In regard to this he does two things.
First, he solves the objection through which it seems that the old law is not good;
second, he shows that the law is good, at for we know (Rom 7:14).
In regard to the first he does two things.
First, he sets out the objection with regard to the law;
second, he solves it, at wherefore the law indeed.
First, therefore, he says: I have said that sinful passions existed by means of the law and that it is a law of death. What shall we say, then follows from such statements? Shall we say that the law is sin?
This can be taken in two ways. In one way, that the law teaches sin: the laws of the people are vain (Jer 10:3), namely because they teach vanity. In another way, that the law is called sin, because the one who gave the law sinned by decreeing such a law. These two follow one from the other, because if the law teaches sin, the lawgiver sins by decreeing the law: woe to them that make wicked laws (Isa 10:1). Now it seems that the law does teach sin, if the sinful passions come through the law, and if the law leads to death.
Then when he says, God forbid, he solves the aforesaid objection.
Concerning this it should be noted that if the law per se and directly caused sinful passions or death, it would follow that the law is sin in either of the two ways mentioned; but not if the law were the occasion of sinful passions and death.
In regard to this he does two things.
First, he shows what the law does per se;
second, what follows from it as from an occasion, at but sin, taking occasion.
Concerning the first he does three things.
First, he answers the question, saying, God forbid, namely that the law be sin.
For it does not teach sin: the law of the Lord is perfect (Ps 19:7). Nor has the lawgiver sinned as though decreeing an unjust law: by me kings reign and lawgivers decree just things (Prov 8:15).
Second, at but I would not have known sin, he indicates what pertains per se to the law, namely, to make sin known and not to remove it.
And that is what he says: but I would not have known sin, except through the law: through the law comes knowledge of sin (Rom 3:20).
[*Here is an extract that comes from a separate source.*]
(* Let $\Sigma_\iota[\lambda]:=\{\mathbf{x}\in \mathbb{Z}_\iota(\lambda)\mid \varphi(\mathbf{x})\ge 0 \text{ for all } \varphi\in\Xi_\iota[\lambda]\}$. Then $\Sigma_\iota[\lambda]$ is a subcrystal of $\mathrm{Im}(\Psi^{\lambda}_{\iota})$; that is, $\Sigma_\iota[\lambda]\subseteq \mathrm{Im}(\Psi^{\lambda}_{\iota})$ and for every $\mathbf{x}\in\Sigma_\iota[\lambda]$ and $i\in\{1,2\}$, each of $\tilde e_i\mathbf{x}$, $\tilde f_i\mathbf{x}$ is either $\mathbf{0}$ or lies in $\Sigma_\iota[\lambda]$.
   Context: Let $a_1,a_2\in\mathbb{Z}_{\ge1}$ with $a_1a_2>4$, let $A=\begin{pmatrix}2&-a_1\\-a_2&2\end{pmatrix}$, $I=\{1,2\}$, and let $\mathfrak g=\mathfrak g(A)$ be the associated Kac–Moody algebra with simple roots $\alpha_1,\alpha_2$, simple coroots $\alpha_1^\vee,\alpha_2^\vee$ (so $\langle\alpha_2,\alpha_1^\vee\rangle=-a_1$, $\langle\alpha_1,\alpha_2^\vee\rangle=-a_2$), fundamental weights $\Lambda_1,\Lambda_2$, weight lattice $P=\mathbb{Z}\Lambda_1\oplus\mathbb{Z}\Lambda_2$. Crystals are Kashiwara crystals with operators $\tilde e_i,\tilde f_i$ (taking values in the crystal or an extra element $\mathbf 0$), $\varepsilon_i,\varphi_i,\mathrm{wt}$. For $k\in\mathbb{Z}$ put $i_k=1$ if $k$ is odd and $i_k=2$ if $k$ is even; write $a_{i_k}$ for $a_1$ or $a_2$ accordingly. Crystal $\mathbb{Z}^{+\infty}_{\ge0}$: elements $\hat x=(\dots,x_2,x_1)$, $x_k\in\mathbb{Z}_{\ge0}$, $x_k=0$ for $k\gg0$. For $k\ge1$ let $\sigma^+_k(\hat x)=x_k+\sum_{j>k}\langle\alpha_{i_j},\alpha_{i_k}^\vee\rangle x_j$, $\sigma^+_{(i)}=\max\{\sigma^+_k: k\ge1, i_k=i\}$, $M^+_{(i)}$ the set of such $k$ attaining the max. Then $\mathrm{wt}(\hat x)=-\sum_j x_j\alpha_{i_j}$, $\varepsilon_i=\sigma^+_{(i)}$, $\varphi_i=\varepsilon_i+\langle\mathrm{wt},\alpha_i^\vee\rangle$; $\tilde e_i$ subtracts $1$ from $x_{\max M^+_{(i)}}$ if $\sigma^+_{(i)}>0$ and gives $\mathbf 0$ otherwise; $\tilde f_i$ adds $1$ to $x_{\min M^+_{(i)}}$. Crystal $\mathbb{Z}^{-\infty}_{\le0}$: elements $\hat x=(x_0,x_{-1},\dots)$, $x_k\in\mathbb{Z}_{\le0}$, $x_k=0$ for $k\ll0$; for $k\le0$, $\sigma^-_k=-x_k-\sum_{j<k}\langle\alpha_{i_j},\alpha_{i_k}^\vee\rangle x_j$, $\sigma^-_{(i)}$ the max over $k\le0$ with $i_k=i$, $M^-_{(i)}$ the maximizers; $\mathrm{wt}=-\sum_j x_j\alpha_{i_j}$, $\varphi_i=\sigma^-_{(i)}$, $\varepsilon_i=\varphi_i-\langle\mathrm{wt},\alpha_i^\vee\rangle$; $\tilde e_i$ subtracts $1$ from $x_{\max M^-_{(i)}}$; $\tilde f_i$ adds $1$ to $x_{\min M^-_{(i)}}$ if $\sigma^-_{(i)}>0$, and is $\mathbf 0$ otherwise. For $\mu\in P$, $\mathbb{Z}_\iota(\mu)=\mathbb{Z}^{+\infty}_{\ge0}\otimes\mathcal T_\mu\otimes\mathbb{Z}^{-\infty}_{\le0}$, whose elements are $\mathbf x=(\dots,x_2,x_1)\otimes t_\mu\otimes(x_0,x_{-1},\dots)$, with: $\mathrm{wt}(\mathbf x)=\mu-\sum_{j\in\mathbb Z}x_j\alpha_{i_j}$; $\sigma_k(\mathbf x)=\sigma^+_k$ for $k\ge1$, $\sigma_k(\mathbf x)=\sigma^-_k-\langle\mathrm{wt}(\mathbf x),\alpha_{i_k}^\vee\rangle$ for $k\le0$; $\sigma_{(i)}=\max\{\sigma_k:i_k=i\}$, $M_{(i)}$ the maximizers; $\varepsilon_i=\sigma_{(i)}$, $\varphi_i=\varepsilon_i+\langle\mathrm{wt},\alpha_i^\vee\rangle$; if $\varepsilon_i>0$, $\tilde e_i$ subtracts $1$ from $x_{\max M_{(i)}}$, else $\tilde e_i\mathbf x=\mathbf 0$; if $\varphi_i>0$, $\tilde f_i$ adds $1$ to $x_{\min M_{(i)}}$, else $\tilde f_i\mathbf x=\mathbf 0$. Let $\mathcal B(\infty)$, $\mathcal B(-\infty)$ be the crystal bases of $U_q^-(\mathfrak g)$, $U_q^+(\mathfrak g)$, and $\Psi^+:\mathcal B(\infty)\hookrightarrow\mathbb{Z}^{+\infty}_{\ge0}$, $\Psi^-:\mathcal B(-\infty)\hookrightarrow\mathbb{Z}^{-\infty}_{\le0}$ the Nakashima–Zelevinsky embeddings of crystals for these sequences (sending the highest/lowest elements to the zero sequences). Set $\Psi^\mu_\iota=\Psi^+\otimes\mathrm{id}\otimes\Psi^-$, so $\mathrm{Im}(\Psi^\mu_\iota)=\mathrm{Im}(\Psi^+)\otimes t_\mu\otimes\mathrm{Im}(\Psi^-)\subseteq\mathbb Z_\iota(\mu)$. Put $\alpha=\frac{a_1a_2+\sqrt{a_1^2a_2^2-4a_1a_2}}{2a_2}$, $\beta=\frac{a_1a_2+\sqrt{a_1^2a_2^2-4a_1a_2}}{2a_1}$, $\gamma_k=\alpha$ for $k$ even and $\gamma_k=\beta$ for $k$ odd. Fix $\lambda=k_1\Lambda_1-k_2\Lambda_2$ with $k_1,k_2\in\mathbb Z_{>0}$ such that: if $a_1,a_2\ge2$, either $k_2\le k_1<(a_1-1)k_2$ or $k_1<k_2\le(a_2-1)k_1$; if $a_1=1$, $2k_1\le k_2\le(a_2-2)k_1$; if $a_2=1$, $2k_2\le k_1\le(a_1-2)k_2$. Define $p_0=k_2$, $p_1=k_1$, and for $m\ge0$: $p_{m+2}=a_2p_{m+1}-p_m$ ($m$ even), $p_{m+2}=a_1p_{m+1}-p_m$ ($m$ odd); for $m<0$: $p_m=a_2p_{m+1}-p_{m+2}$ ($m$ even), $p_m=a_1p_{m+1}-p_{m+2}$ ($m$ odd). For $k\in\mathbb Z$ let $\zeta_k$ be the linear function $\mathbf x\mapsto x_k$. Let $\Xi_\iota[\lambda]=\{\gamma_0p_0+\gamma_0\zeta_0-\zeta_1,\ \gamma_1p_1+\zeta_0-\gamma_1\zeta_1\}\cup\{p_k-\zeta_k,\ \gamma_k\zeta_k-\zeta_{k+1},\ \gamma_{k+1}p_{k+1}-p_k+\zeta_k-\gamma_{k+1}\zeta_{k+1}\mid k\ge1\}\cup\{p_k+\zeta_k,\ \zeta_{k-1}-\gamma_k\zeta_k,\ \gamma_{k-1}p_{k-1}-p_k+\gamma_{k-1}\zeta_{k-1}-\zeta_k\mid k\le0\}$. *)

theory Defs
  imports Complex_Main
begin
This is clear if it is understood of the natural law, because man distinguishes between good and evil through the natural law: he filled their heart with wisdom and showed them both good and evil (Sir 17:6). But here the Apostle seems to be speaking of the old law, which he signified above when he said the oldness of the letter (Rom 7:6).
One should say therefore that without the law sin could be known insofar as it has the character of ignobility, i.e., as something contrary to reason, but not inasmuch as it is an offense against God, because through the laws divinely decreed, man learns that human sins displease God, since he forbids them and commands that they be punished.
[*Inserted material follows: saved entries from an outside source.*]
lemma unbounded_expu_surj:
  assumes rep: "parsimonious_rep Prz pi0 pi1 R c u" and unb: "unbounded_pref Prz R"
  shows "\<exists>d\<in>lotteries Prz. expu u d = t"
proof -
  obtain x y where xy: "x \<in> lotteries Prz" "y \<in> lotteries Prz"
    "strict R (const_contract x) (const_contract y)"
    and mixes: "\<And>a. 0 < a \<Longrightarrow> a < 1 \<Longrightarrow> \<exists>z\<in>lotteries Prz. \<exists>z'\<in>lotteries Prz.
             strict R (const_contract y) (const_contract (mix a z x)) \<and>
             strict R (const_contract (mix a z' y)) (const_contract x)"
    using unb unfolding unbounded_pref_def by blast
  have less: "expu u y < expu u x" using rep_const_strict_iff[OF rep xy(1,2)] xy(3) by simp
  have "\<exists>z\<in>lotteries Prz. a * expu u z + (1 - a) * expu u x < expu u y" if "0 < a" "a < 1" for a
    using mixes[OF that] rep_const_strict_iff[OF rep xy(2) mix_in_lotteries[OF _ xy(1)]]
      expu_mix[OF _ xy(1)] that by force
  then obtain z where z: "z \<in> lotteries Prz" "expu u z \<le> t"
    using mixtures_escape_below[OF less] by blast
  \<comment> \<open>the same escape argument for \<open>- expu u\<close> bounds expected utility from above\<close>
  have "\<exists>z\<in>lotteries Prz. a * - expu u z + (1 - a) * - expu u y < - expu u x" if "0 < a" "a < 1" for a
    using mixes[OF that] rep_const_strict_iff[OF rep mix_in_lotteries[OF _ xy(2)] xy(1)]
      expu_mix[OF _ xy(2)] that by force
  then obtain z' where z': "z' \<in> lotteries Prz" "- expu u z' \<le> - t"
    using mixtures_escape_below[where x="- expu u y" and y="- expu u x" and g="\<lambda>z. - expu u z"
        and Z="lotteries Prz" and t="- t"] less by auto
  show ?thesis
  proof (cases "expu u z = expu u z'")
    case True thus ?thesis using z z' by (intro bexI[of _ z]) auto
  next
    case False
    hence lt: "expu u z < expu u z'" using z z' by simp
    define l where "l = (expu u z' - t) / (expu u z' - expu u z)"
    have l: "0 \<le> l" "l \<le> 1" using lt z z' by (auto simp: l_def field_simps)
    have "expu u (mix l z z') = expu u z' - l * (expu u z' - expu u z)"
      by (simp add: expu_mix[OF z(1) z'(1)] algebra_simps)
    also have "\<dots> = t" using lt by (simp add: l_def)
    finally show ?thesis using mix_in_lotteries[OF z(1) z'(1) l] by blast
  qed
qed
Third, at for I would not have known concupiscence, he proves what he had said, saying, for I would not have known concupiscence, if the law did not say: you shall not covet.
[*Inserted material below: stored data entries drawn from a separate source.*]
(* Assume the Dickson--Hardy--Littlewood conjecture: every admissible tuple $(h_1,\dots,h_k)$ of natural numbers is prime-producing. Then there exists an infinite set $B$ of primes such that $b+b'+1$ is prime for every pair of distinct $b,b' \in B$.
   Context: A tuple $(h_1,\dots,h_k)$ of natural numbers is admissible if for every prime $p$ there is at least one residue class mod $p$ containing none of $h_1,\dots,h_k$. A tuple $(h_1,\dots,h_k)$ is prime-producing if there are infinitely many integers $n$ such that $n+h_1,\dots,n+h_k$ are all prime. *)

theory Defs
  imports "HOL-Computational_Algebra.Primes"
begin

definition admissible :: "nat list \<Rightarrow> bool" where
  "admissible hs \<longleftrightarrow>
     (\<forall>p::nat. prime p \<longrightarrow> (\<exists>r<p. \<forall>h\<in>set hs. h mod p \<noteq> r))"

definition prime_producing :: "nat list \<Rightarrow> bool" where
  "prime_producing hs \<longleftrightarrow>
     infinite {n::int. \<forall>h\<in>set hs. prime (n + int h)}"

definition DHL :: bool where
  "DHL \<longleftrightarrow> (\<forall>hs. admissible hs \<longrightarrow> prime_producing hs)"

end

theory Submission
  imports Defs "HOL-Number_Theory.Cong" "HOL-Library.Infinite_Set"
begin

text \<open>
  The primes b 0, b 1, ... are chosen one at a time. Given b 0, ..., b (k - 1), any large n with n
  and all n + b i + 1 prime can serve as b k, and DHL supplies such n as soon as the shifts
  0, b 0 + 1, ..., b (k - 1) + 1 form an admissible tuple. DHL keeps supplying them after the tuple is
  padded by shifts a \<equiv> r (mod p) that rule out every residue of n modulo a small prime p except a
  prescribed class c p; the padding is divisible by all other small primes, so it costs nothing in
  admissibility. Choosing c p to be the common residue of the earlier elements modulo p keeps all
  elements congruent modulo p from some index on, which makes the tuple admissible at small primes
  however long the sequence gets; at larger primes it has fewer elements than residue classes.
\<close>

text \<open>In \<open>nat\<close>, \<open>(p - 1) * c\<close> stands for \<open>-c\<close> modulo \<open>p\<close>.\<close>

lemma dvd_add_of_cong_neg:
  fixes p c h :: nat
  assumes "0 < p" "[h = (p - 1) * c] (mod p)"
  shows "p dvd c + h"
proof -
  have "[c + h = c + (p - 1) * c] (mod p)" using assms(2) by (rule cong_add[OF cong_refl])
  also have "c + (p - 1) * c = p * c" using assms(1) by (cases p) simp_all
  finally show ?thesis using cong_dvd_iff by force
qed

lemma cong_neg_of_dvd_add:
  fixes p c h :: nat
  assumes "0 < p" "p dvd c + h"
  shows "[c = (p - 1) * h] (mod p)"
proof -
  have "[c + h = 0] (mod p)" using assms(2) by (simp add: cong_0_iff)
  moreover have "[(p - 1) * h + h = 0] (mod p)"
  proof -
    have "(p - 1) * h + h = p * h" using assms(1) by (cases p) simp_all
    thus ?thesis by (simp add: cong_0_iff)
  qed
  ultimately have "[c + h = (p - 1) * h + h] (mod p)" using cong_sym cong_trans by blast
  thus ?thesis by (simp add: cong_add_rcancel_nat)
qed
In regard to this it should be noted that his statement, I would not have known sin, except through the law, could be interpreted as referring to the sinful act which the law brings to man's attention, when it forbids it. This, of course, is true in some cases, for it is said, a woman shall not lie down with a beast (Lev 18:23). But that this is not the Apostle's meaning is clear from what he says here. For no one is unaware of the act of concupiscence, since all experience it.
Therefore, it must be interpreted as saying that, as was stated above, it is only through the law that sin is recognized as something subject to punishment and an offense against God. He uses concupiscence to prove this, because corrupt concupiscence is common to all sins. Hence a Gloss says, with Augustine, here the Apostle chose a general sin, i.e., concupiscence. Therefore the law is good, because when it forbids concupiscence, it forbids all evils.
It might be supposed that concupiscence is a general sin according as it is taken for the desire for something illicit, which is of the essence of any sin. This is not the way Augustine called concupiscence a general sin, but because the root and cause of every sin is some special concupiscence. Hence a Gloss says that concupiscence is a general sin from which all sins come.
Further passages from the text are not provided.